Still, other California school districts have not been able to add programs as Fresno has. For most districts, the urgently needed funds simply kept them from having to make more draconian cuts, said Maureen Evans, vice president of School Services of California, a leading Sacramento-based consulting firm.

“For most, it’s just, ‘thank goodness’” there isn’t another cut, Evans said. “There’s not a lot of additional spending going on.”

The Fresno district, however, will use money from Prop. 30 to reduce class sizes by hiring new teachers; increase career readiness programs in middle schools; pay for 150 teachers to earn National Board Certified credentials; and buy $1 million worth of instruments for their music program, among other expenditures. Spending on all of these initiatives has already begun.

The district will also invest $7.4 million annually in an expanded preschool program, the first time Fresno Unified has dedicated general fund money to preschool.

The expansion will help fill the gaps between the local Head Start program and other state-funded preschool programs that already operate in the city, many of them on school campuses.

About 57 percent of Fresno 4-year-olds attend public preschool now, which includes the students the district enrolled last week and those who attend Head Start. Hanson hopes the new funding will allow the district to nearly double its own program – which now serves about 1,800 students – so that 80 percent of Fresno’s 4-year-olds attend public preschool before entering kindergarten.

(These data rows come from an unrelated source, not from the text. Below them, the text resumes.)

lemma orthonormal_eigenbasis_lift:
  fixes A W :: "real mat"
  assumes A: "A \<in> carrier_mat (Suc n) (Suc n)" and sym: "A\<^sup>T = A"
    and W: "W \<in> carrier_mat (Suc n) (Suc n)"
    and WtW: "W\<^sup>T * W = 1\<^sub>m (Suc n)" and WWt: "W * W\<^sup>T = 1\<^sub>m (Suc n)"
    and eig: "A *\<^sub>v col W 0 = e \<cdot>\<^sub>v col W 0"
    and ys: "orthonormal_eigenbasis (mat n n (\<lambda>(i, j). (W\<^sup>T * (A * W)) $$ (Suc i, Suc j))) n ys"
  shows "orthonormal_eigenbasis A (Suc n) (map ((*\<^sub>v) W) (unit_vec (Suc n) 0 # map (vCons 0) ys))"
proof -
  define us where "us = map ((*\<^sub>v) W) (unit_vec (Suc n) 0 # map (vCons 0) ys)"
  note deflation = symmetric_deflation[OF A sym W WtW eig]
  have "orthonormal (Suc n) (unit_vec (Suc n) 0 # map (vCons 0) ys)"
    using orthonormal_vCons ys unfolding orthonormal_eigenbasis_def by blast
  then have "orthonormal (Suc n) us"
    unfolding us_def by (rule orthonormal_map_orthogonal_mat[OF _ W WtW])
  moreover have "\<exists>\<mu>. A *\<^sub>v u = \<mu> \<cdot>\<^sub>v u" if "u \<in> set us" for u
  proof -
    consider "u = W *\<^sub>v unit_vec (Suc n) 0" | y where "y \<in> set ys" "u = W *\<^sub>v vCons 0 y"
      using \<open>u \<in> set us\<close> unfolding us_def by auto
    then show ?thesis
    proof cases
      case 1
      then show ?thesis
        unfolding mult_mat_vec_unit_vec[OF W zero_less_Suc] using eig by blast
    next
      case (2 y)
      obtain \<mu> where "mat n n (\<lambda>(i, j). (W\<^sup>T * (A * W)) $$ (Suc i, Suc j)) *\<^sub>v y = \<mu> \<cdot>\<^sub>v y"
        using ys 2 unfolding orthonormal_eigenbasis_def by blast
      moreover have y: "y \<in> carrier_vec n"
        using ys 2 unfolding orthonormal_eigenbasis_def orthonormal_def by blast
      ultimately have "(W\<^sup>T * (A * W)) *\<^sub>v vCons 0 y = \<mu> \<cdot>\<^sub>v vCons 0 y"
        using deflation(2)[OF y] by (auto intro!: eq_vecI simp: vec_index_vCons)
      then show ?thesis
        using orthogonal_conj_eigenvector[OF A W WWt _] y 2 by auto
    qed
  qed
  ultimately show ?thesis
    unfolding orthonormal_eigenbasis_def us_def[symmetric] by blast
qed

theorem symmetric_orthonormal_eigenbasis:
  fixes A :: "real mat"
  assumes "A \<in> carrier_mat n n" and "A\<^sup>T = A"
  shows "\<exists>us. orthonormal_eigenbasis A n us"
  using assms
proof (induction n arbitrary: A)
  case 0
  show ?case by (auto simp: orthonormal_eigenbasis_def orthonormal_def)
next
  case (Suc n)
  obtain v e where v: "v \<in> carrier_vec (Suc n)" "v \<bullet> v = 1" and Av: "A *\<^sub>v v = e \<cdot>\<^sub>v v"
    using symmetric_unit_eigenvector[OF Suc.prems] by blast
  obtain ws where ws: "orthonormal (Suc n) ws" "ws ! 0 = v"
    using orthonormal_extension[OF v] .
  define W where "W = mat_of_cols (Suc n) ws"
  have W: "W \<in> carrier_mat (Suc n) (Suc n)"
    unfolding W_def using ws(1) by (rule orthonormal_mat_of_cols_carrier)
  have W0: "col W 0 = v"
    unfolding W_def using orthonormal_col_mat_of_cols[OF ws(1)] ws(2) by simp
  note WtW = orthonormal_mat_of_cols(1)[OF ws(1), folded W_def]
  note WWt = orthonormal_mat_of_cols(2)[OF ws(1), folded W_def]
  define B where "B = mat n n (\<lambda>(i, j). (W\<^sup>T * (A * W)) $$ (Suc i, Suc j))"
  have eig: "A *\<^sub>v col W 0 = e \<cdot>\<^sub>v col W 0"
    unfolding W0 by (rule Av)
  have "B \<in> carrier_mat n n"
    unfolding B_def by simp
  moreover have "B\<^sup>T = B"
    using symmetric_deflation(1)[OF Suc.prems W WtW eig] unfolding B_def .
  ultimately obtain ys where "orthonormal_eigenbasis B n ys"
    using Suc.IH by blast
  then have "orthonormal_eigenbasis A (Suc n) (map ((*\<^sub>v) W) (unit_vec (Suc n) 0 # map (vCons 0) ys))"
    unfolding B_def by (rule orthonormal_eigenbasis_lift[OF Suc.prems W WtW WWt eig])
  then show ?case ..
qed

lemma orthonormal_eigenbasis_nth:
  assumes us: "orthonormal_eigenbasis A n us" and A: "A \<in> carrier_mat n n" and i: "i < n"
  obtains e where "eigenvalue A e" "A *\<^sub>v us ! i = e \<cdot>\<^sub>v us ! i" "us ! i \<in> carrier_vec n"
proof -
  have u: "us ! i \<in> carrier_vec n" "us ! i \<bullet> us ! i = 1" "us ! i \<in> set us"
    using us i unfolding orthonormal_eigenbasis_def orthonormal_def by auto
  then obtain e where "A *\<^sub>v us ! i = e \<cdot>\<^sub>v us ! i"
    using us unfolding orthonormal_eigenbasis_def by blast
  moreover have "us ! i \<noteq> 0\<^sub>v n"
    using u by auto
  ultimately show thesis
    using that u A unfolding eigenvalue_def eigenvector_def by auto
qed

section \<open>Residual polynomials of the heavy-ball method\<close>

fun hb_residual :: "real list \<Rightarrow> real \<Rightarrow> real \<Rightarrow> nat \<Rightarrow> real" where
  "hb_residual hs m l 0 = 1"
| "hb_residual hs m l (Suc 0) = 1 - hs ! 0 / (1 + m) * l"
| "hb_residual hs m l (Suc (Suc t)) =
     (1 + m - hs ! (Suc t mod length hs) * l) * hb_residual hs m l (Suc t) - m * hb_residual hs m l t"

The district has hired 24 preschool aides to help supervise the new children, who have been merged into classrooms with current students.

If the district reaches its goal, Fresno Unified will join a few other large districts like Long Beach Unified and Los Angeles Unified that have already made a commitment to using their general fund in combination with state preschool funds to provide free public preschool for a majority of their 4-year-olds.

Little kids with books

Students read books at a district-run preschool program in Fresno this school year.

Schools are keenly interested in the issue because a large body of research points to a correlation between attending preschool and the likelihood of graduating from high school.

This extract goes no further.